In fact, 24 out of 46 dogs in group 2 were classified in disease stage C, with 37 out of 46 dogs presenting with a LA/Ao > 2. This fact contributes to the high correlation observed between RLAD and LA/Ao. Further studies are needed in order to obtain clinically useful cut-off values for mild, moderate and severe left atrial enlargement, especially in dogs presenting with only mild to moderate LAE.

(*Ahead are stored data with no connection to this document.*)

lemma bij_betw_map_upt_permutations:
  "bij_betw (\<lambda>\<pi>. map \<pi> [1..<n+1]) {\<pi>. \<pi> permutes {1..n}} (permutations_of_set {1..n})"
proof (rule bij_betw_imageI)
  show "inj_on (\<lambda>\<pi>. map \<pi> [1..<n+1]) {\<pi>. \<pi> permutes {1..n}}"
  proof (rule inj_onI, rule ext)
    fix p q x
    assume "p \<in> {\<pi>. \<pi> permutes {1..n}}" "q \<in> {\<pi>. \<pi> permutes {1..n}}"
      and "map p [1..<n+1] = map q [1..<n+1]"
    then show "p x = q x"
      by (cases "x \<in> {1..n}") (auto simp: permutes_not_in map_eq_conv)
  qed
  show "(\<lambda>\<pi>. map \<pi> [1..<n+1]) ` {\<pi>. \<pi> permutes {1..n}} = permutations_of_set {1..n}"
  proof
    show "(\<lambda>\<pi>. map \<pi> [1..<n+1]) ` {\<pi>. \<pi> permutes {1..n}} \<subseteq> permutations_of_set {1..n}"
      using map_upt_permutation_in_permutations_of_set by blast
  next
    show "permutations_of_set {1..n} \<subseteq> (\<lambda>\<pi>. map \<pi> [1..<n+1]) ` {\<pi>. \<pi> permutes {1..n}}"
    proof
      fix ys assume ys: "ys \<in> permutations_of_set {1..n}"
      then have len: "length ys = n" by (simp add: length_finite_permutations_of_set)
      define \<pi> where "\<pi> i = (if i \<in> {1..n} then ys ! (i - 1) else i)" for i
      have map: "map \<pi> [1..<n+1] = ys"
        by (rule nth_equalityI) (auto simp: \<pi>_def len nth_upt)
      have "inj_on \<pi> {1..n}"
        using ys len by (auto intro!: inj_onI simp: \<pi>_def permutations_of_set_def nth_eq_iff_index_eq)
      moreover have "\<pi> ` {1..n} = {1..n}"
        using ys map by (metis atLeastLessThanSuc_atLeastAtMost list.set_map permutations_of_setD(1)
            set_upt Suc_eq_plus1)
      ultimately have "\<pi> permutes {1..n}"
        by (intro bij_imp_permutes) (auto simp: bij_betw_def \<pi>_def)
      with map show "ys \<in> (\<lambda>\<pi>. map \<pi> [1..<n+1]) ` {\<pi>. \<pi> permutes {1..n}}" by blast
    qed
  qed
qed

lemma reach_upt_in_permutations_of_set:
  "reach k [1..<n+1] ys \<Longrightarrow> ys \<in> permutations_of_set {1..n}"
  using reach_mset[of k "[1..<n+1]" ys]
  by (metis atLeastLessThanSuc_atLeastAtMost distinct_upt mset_eq_imp_distinct_iff mset_eq_setD
      permutations_of_setI set_upt Suc_eq_plus1)

lemma ex_reach_all_permutations:
  "\<exists>K\<ge>1. \<forall>ys\<in>permutations_of_set {1..n}. reach K [1..<n+1] ys"
proof -
  have "\<forall>ys\<in>permutations_of_set {1..n}. \<exists>k. 1 \<le> k \<and> reach k [1..<n+1] ys"
    by (metis adjacent_swap_rtranclp_imp_reach mset_eq_imp_adjacent_swap_rtranclp
        atLeastLessThanSuc_atLeastAtMost distinct_upt permutations_of_setD set_eq_iff_mset_eq_distinct
        set_upt Suc_eq_plus1)
  then obtain f where f: "\<forall>ys\<in>permutations_of_set {1..n}. 1 \<le> f ys \<and> reach (f ys) [1..<n+1] ys"
    by metis
  define K where "K = Max (insert 1 (f ` permutations_of_set {1..n}))"
  have "finite (insert 1 (f ` permutations_of_set {1..n}))" by simp
  from Max_ge[OF this] have "1 \<le> K" "\<forall>ys\<in>permutations_of_set {1..n}. f ys \<le> K"
    unfolding K_def by blast+
  with f show ?thesis using reach_mono by blast
qed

Furthermore LAE was estimated only by 2D echocardiography, which although widely accepted as a non invasive clinically useful method, it does not constitute a real gold standard method for this purpose as could be MRI (magnetic resonance imaging) or CT. Cross-sectional imaging would constitute a useful comparison in future studies involving LAE assessment with RLAD as a gold standard method.

Conclusion

The new radiographic measurement named RLAD demonstrated high sensitivity and specificity for detecting LAE with a strong correlation with LA/Ao ratio. The proposed optimal cut-off value for RLAD to detect LAE is 1.8v. RLAD would provide clinicians with a simple and cost-effective tool for the detection and monitoring of LAE in dogs with MVD and possibly dogs with other cardiac diseases presenting with LAE.